When William the Conqueror led the Norman conquest of England in 1066, he, his nobles, and many of his followers from Normandy, but also those from northern and western France, spoke a range of langues d'oïl (northern varieties of Gallo-Romance). One of these was Old Norman, also known as "Old Northern French". Other followers spoke varieties of the Picard language or western French. This amalgam developed into the unique insular dialect now known as Anglo-Norman French, which was commonly used for literary and eventually administrative purposes from the 12th until the 15th century. It is difficult to know much about what was actually spoken, as what is known about the dialect is restricted to what was written, but it is clear that Anglo-Norman was, to a large extent, the spoken language of the higher social strata in medieval England.
It was spoken in the law courts, schools, and universities and, in due course, in at least some sections of the gentry and the growing bourgeoisie. Private and commercial correspondence was carried out in Anglo-Norman or Anglo-French from the 13th to the 15th century though its spelling forms were often displaced by continental spellings. Social classes other than the nobility became keen to learn French: manuscripts containing materials for instructing non-native speakers still exist, dating mostly from the late 14th century onwards.
Although Anglo-Norman and Anglo-French were eventually eclipsed by modern English, they had been used widely enough to influence English vocabulary permanently. Thus, many original Germanic words, cognates of which can still be found in Nordic, German, and Dutch, have been lost or, as more often occurs, exist alongside synonyms of Anglo-Norman French origin.

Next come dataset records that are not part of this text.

(* Let $\tilde r\in(\tfrac14,\tfrac12)$ and let $\rho$ be an RSR-representation of the four-punctured sphere whose local monodromies $M_j$ are conjugate to $\mathrm{diag}(e^{2\pi i\tilde r},e^{-2\pi i\tilde r})$, with trace coordinates $(\tilde x,\tilde y,\tilde z)=(\mathrm{Tr}(M_2M_1),\mathrm{Tr}(M_3M_2),\mathrm{Tr}(M_3M_1))$. Then, with $r=2\tilde r-\tfrac12$, there is a real representation (i.e. a real point of the character variety, conjugate to an $\mathrm{SL}(2,\mathbb{R})$-representation) in $\mathcal M^r_{1,1}$ whose trace coordinates $(x,y,z)$ satisfy $\tilde x=2-x^2$, $\tilde y=2-y^2$, $\tilde z=2-z^2$.
   Context: Four-punctured sphere $S_4=\mathbb{C}P^1\setminus\{p_1,\dots,p_4\}$ with generators $\gamma_{p_j}$ of $\pi_1(S_4,s_0)$ (simple anticlockwise loops around $p_j$) satisfying $\gamma_{p_4}\gamma_{p_3}\gamma_{p_2}\gamma_{p_1}=1$, $M_j=\rho(\gamma_{p_j})$. An irreducible representation $\rho\colon\pi_1(S_4,s_0)\to\mathrm{SL}(2,\mathbb{C})$ is RSR if: it takes values in $\mathrm{SL}(2,\mathbb{R})$ with $\mathrm{Tr}(M_1M_2),\mathrm{Tr}(M_2M_3),\mathrm{Tr}(M_1M_3)<-2$; all $M_j$ lie in the conjugacy class of $\mathrm{diag}(e^{2\pi i\tilde r},e^{-2\pi i\tilde r})$ with $\tilde r\in(\tfrac14,\tfrac12)$; and $\mathrm{tr}(M_1M_3)=\mathrm{tr}(M_2M_4)$. $\mathcal M^r_{1,1}$ is the space of conjugacy classes of representations $\langle\gamma_x,\gamma_y\rangle=\pi_1(T^2\setminus\{o\})\to\mathrm{SL}(2,\mathbb{C})$ such that the commutator $\gamma_y^{-1}\gamma_x^{-1}\gamma_y\gamma_x$ (a loop around the puncture) is mapped into the conjugacy class of $\mathrm{diag}(e^{-2\pi ir},e^{2\pi ir})$; trace coordinates $x=\mathrm{Tr}X$, $y=\mathrm{Tr}Y$, $z=\mathrm{Tr}(YX)$ with $X,Y$ the images of $\gamma_x,\gamma_y$; they satisfy $x^2+y^2+z^2-xyz-2-2\cos(2\pi r)=0$. *)

theory Defs
  imports "HOL-Analysis.Analysis"
begin

type_synonym cmat2 = "complex^2^2"

definition SL2C :: "cmat2 \<Rightarrow> bool" where
  "SL2C A \<longleftrightarrow> det A = 1"

definition real_mat :: "cmat2 \<Rightarrow> bool" where
  "real_mat A \<longleftrightarrow> (\<forall>i j. A $ i $ j \<in> \<real>)"

definition SL2R :: "cmat2 \<Rightarrow> bool" where
  "SL2R A \<longleftrightarrow> SL2C A \<and> real_mat A"

definition diag2 :: "complex \<Rightarrow> complex \<Rightarrow> cmat2" where
  "diag2 a b = (\<chi> i j. if i = j then (if i = 1 then a else b) else 0)"

definition conj_class :: "cmat2 \<Rightarrow> cmat2 \<Rightarrow> bool" where
  "conj_class A B \<longleftrightarrow> (\<exists>P. invertible P \<and> A = P ** B ** matrix_inv P)"

text \<open>A representation of pi_1(S_4) = <g1,g2,g3,g4 | g4 g3 g2 g1 = 1> into SL(2,C)
  is determined by the images M1..M4 of the generators, subject to the relation.\<close>
definition rep_S4 :: "cmat2 \<Rightarrow> cmat2 \<Rightarrow> cmat2 \<Rightarrow> cmat2 \<Rightarrow> bool" where
  "rep_S4 M1 M2 M3 M4 \<longleftrightarrow> SL2C M1 \<and> SL2C M2 \<and> SL2C M3 \<and> SL2C M4 \<and>
     M4 ** M3 ** M2 ** M1 = mat 1"

definition irreducible_rep :: "cmat2 list \<Rightarrow> bool" where
  "irreducible_rep Ms \<longleftrightarrow>
     \<not> (\<exists>v :: complex^2. v \<noteq> 0 \<and> (\<forall>M \<in> set Ms. \<exists>c. M *v v = c *s v))"

definition RSR :: "real \<Rightarrow> cmat2 \<Rightarrow> cmat2 \<Rightarrow> cmat2 \<Rightarrow> cmat2 \<Rightarrow> bool" where
  "RSR rt M1 M2 M3 M4 \<longleftrightarrow>
     rep_S4 M1 M2 M3 M4 \<and> irreducible_rep [M1, M2, M3, M4] \<and>
     SL2R M1 \<and> SL2R M2 \<and> SL2R M3 \<and> SL2R M4 \<and>
     Re (trace (M1 ** M2)) < -2 \<and> Re (trace (M2 ** M3)) < -2 \<and> Re (trace (M1 ** M3)) < -2 \<and>
     (\<forall>M \<in> {M1, M2, M3, M4}.
        conj_class M (diag2 (cis (2 * pi * rt)) (cis (-(2 * pi * rt))))) \<and>
     trace (M1 ** M3) = trace (M2 ** M4)"

text \<open>A representation of pi_1(T^2 minus a point) = <gx, gy> (free) with X, Y its images,
  lying in M^r_{1,1}: commutator Y^-1 X^-1 Y X in the class of diag(e^{-2 pi i r}, e^{2 pi i r}).\<close>
definition in_M11 :: "real \<Rightarrow> cmat2 \<Rightarrow> cmat2 \<Rightarrow> bool" where
  "in_M11 r X Y \<longleftrightarrow> SL2C X \<and> SL2C Y \<and>
     conj_class (matrix_inv Y ** matrix_inv X ** Y ** X)
                (diag2 (cis (-(2 * pi * r))) (cis (2 * pi * r)))"

definition real_rep2 :: "cmat2 \<Rightarrow> cmat2 \<Rightarrow> bool" where
  "real_rep2 X Y \<longleftrightarrow> (\<exists>P. invertible P \<and>
     real_mat (P ** X ** matrix_inv P) \<and> real_mat (P ** Y ** matrix_inv P))"

end

(* By the Fricke trace identities, the traces of an RSR representation satisfy
   (X + Y + Z - 4 + t^2)^2 = X Y Z, where X = 2 - tr(M2 M1), Y = 2 - tr(M3 M2), Z = 2 - tr(M3 M1)
   all exceed 4 and t = 2 cos(2 pi rt) is the common trace of the M_j.  Hence x = sqrt X,
   y = sqrt Y and z = (X + Y + Z - 4 + t^2) / (x y) solve x^2 + y^2 + z^2 - x y z = 4 - t^2
   = 2 + 2 cos(2 pi r), with |z| > 2.  Such a real triple is the trace triple of an explicit pair of
   SL(2,R) matrices, and the commutator of that pair has trace 2 cos(2 pi r) with 0 < 2 pi r < pi,
   so it has distinct eigenvalues e^(-2 pi i r), e^(2 pi i r) and lies in the required class. *)

theory Submission
  imports Defs
begin

definition mat2 :: "complex \<Rightarrow> complex \<Rightarrow> complex \<Rightarrow> complex \<Rightarrow> cmat2" where
  "mat2 a b c d = (\<chi> i j. if i = 1 then (if j = 1 then a else b) else (if j = 1 then c else d))"

lemma mat2_nth [simp]:
  "mat2 a b c d $ 1 $ 1 = a" "mat2 a b c d $ 1 $ 2 = b"
  "mat2 a b c d $ 2 $ 1 = c" "mat2 a b c d $ 2 $ 2 = d"
  by (simp_all add: mat2_def)

lemma mat2_cases:
  obtains a b c d where "A = mat2 a b c d"
proof
  show "A = mat2 (A$1$1) (A$1$2) (A$2$1) (A$2$2)"
    unfolding mat2_def vec_eq_iff forall_2 by simp
qed

lemma mat2_eq_iff: "mat2 a b c d = mat2 a' b' c' d' \<longleftrightarrow> a = a' \<and> b = b' \<and> c = c' \<and> d = d'"
  by (metis mat2_nth)

lemma mat2_mult [simp]:
  "mat2 a b c d ** mat2 e f g h = mat2 (a*e + b*g) (a*f + b*h) (c*e + d*g) (c*f + d*h)"
  by (simp add: vec_eq_iff forall_2 matrix_matrix_mult_def sum_2)

lemma trace_mat2 [simp]: "trace (mat2 a b c d) = a + d"
  by (simp add: trace_def sum_2)

lemma det_mat2 [simp]: "det (mat2 a b c d) = a * d - b * c"
  by (simp add: det_2)

lemma mat_1_eq_mat2: "mat 1 = mat2 1 0 0 1"
  by (simp add: mat2_def mat_def vec_eq_iff forall_2)

lemma diag2_eq_mat2: "diag2 a b = mat2 a 0 0 b"
  by (simp add: mat2_def diag2_def vec_eq_iff forall_2)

Grammatically, Anglo-Norman had little lasting impact on English although it is still evident in official and legal terms where the ordinary sequence of noun and adjective is reversed, for example attorney general: the spelling is English but the word order (noun then adjective) is French. Other such examples are heir apparent, court martial, and body politic.
The Royal coat of arms of the United Kingdom still features in French the mottos of both the British Monarch, Dieu et mon droit ("God and my right") and the Order of the Garter, Honi soit qui mal y pense ("Shamed be he who thinks evil of it").